The FRB is trying to be more responsive to Congress, but it has otherwise focused its efforts on the economy in hopes that the normalization of December 2015 appeases right-wing critics even as unemployment improvements mollify the left. Market chaos since the beginning of 2016 has of course jeopardized this strategy from both a monetary-policy and political perspective, with all of the events described above making it clear that the FRB has very little room in which to attempt to continue the unprecedented tools (enormous QE, the RRP and IOER) that have increasingly been seen as “normal” in contrast to still more radical actions the FRB might choose or be forced to implement

3) NIRP the Perp

Which brings us back to negative interest-rate policy. None of the tools described above with which the FRB could counter its macroeconomic and political challenges is straightforward or easy. However, NIRP either through negative IOER or another channel has the possible advantage of being seen as a tax on banks – appealing across the political spectrum if politicians are persuaded that community banks are largely exempt from it.

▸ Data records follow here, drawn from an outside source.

theorem corollary3p20:
  fixes n :: nat and s :: "nat \<Rightarrow> nat \<Rightarrow> 'a::boolean_algebra \<Rightarrow> 'a" and X :: "'a set"
  assumes "n \<ge> 2"
    and "TA n s"
    and "countable (UNIV :: 'a set)"
    and "prod_is_zero X"
  shows "\<exists>(U :: nat set) (V :: nat list set) (f :: 'a \<Rightarrow> nat list set).
           V \<subseteq> {q. length q = n \<and> set q \<subseteq> U} \<and> permutable n V \<and>
           hom_wp n s V f \<and> inj f \<and> V \<inter> (\<Inter>x\<in>X. f x) = {}"
proof -
  obtain g :: "'a \<Rightarrow> nat" where "inj g"
    using assms(3) by (auto simp: countable_def)
  define K where "K = {k. inv g k \<noteq> bot}"
  \<comment> \<open>invalid words impose no condition, since no ultrafilter contains \<open>bot\<close>\<close>
  define Y where "Y w = (if valid_word n w then word_app s w ` X else {bot})" for w
  have Y_zero: "prod_is_zero (Y w)" for w
    using prod_is_zero_word_app_image[OF assms(2) _ assms(4)] prod_is_zero_bot by (auto simp: Y_def)
  then have "\<forall>k. \<exists>G. k \<in> K \<longrightarrow> ultrafilter_set G \<and> inv g k \<in> G \<and> (\<forall>w. \<exists>y\<in>Y w. y \<notin> G)"
    using Rasiowa_Sikorski[where Y = Y, OF assms(3) Y_zero] by (simp add: K_def)
  from choice[OF this] obtain F
    where F: "\<forall>k. k \<in> K \<longrightarrow> ultrafilter_set (F k) \<and> inv g k \<in> F k \<and> (\<forall>w. \<exists>y\<in>Y w. y \<notin> F k)"
    by blast
  interpret tuple_representation n s F K
    using assms(1,2) F by unfold_locales auto
  have "\<exists>k\<in>K. a \<in> F k" if "a \<noteq> bot" for a
    using F[rule_format, of "g a"] that \<open>inj g\<close> by (intro bexI[of _ "g a"]) (simp_all add: K_def inv_f_f)
  then have "inj rep"
    by (rule inj_rep)
  moreover have "rep top \<inter> (\<Inter>x\<in>X. rep x) = {}"
  proof (rule rep_omits)
    fix k w assume "k \<in> K" "valid_word n w"
    then obtain y where "y \<in> Y w" "y \<notin> F k"
      using F by blast
    with \<open>valid_word n w\<close> show "\<exists>x\<in>X. word_app s w x \<notin> F k"
      by (auto simp: Y_def)
  qed
  ultimately show ?thesis
    using hom_wp_rep permutable_rep_top length_rep by blast
qed

end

The key to political risk is the extent to which the FRB constructs a NIRP structure it believes accomplishes its stimulative purposes without near-term impact on the cost of funds for retail and small-business depositors or rapid contagion risk into MMFs that poses both political and systemic-liquidity risk. The sharp and negative reaction to NIRP in Japan is a strongly-cautionary test case for the FRB, but not one that we believe will dispositively dissuade it from NIRP if nothing else seems to.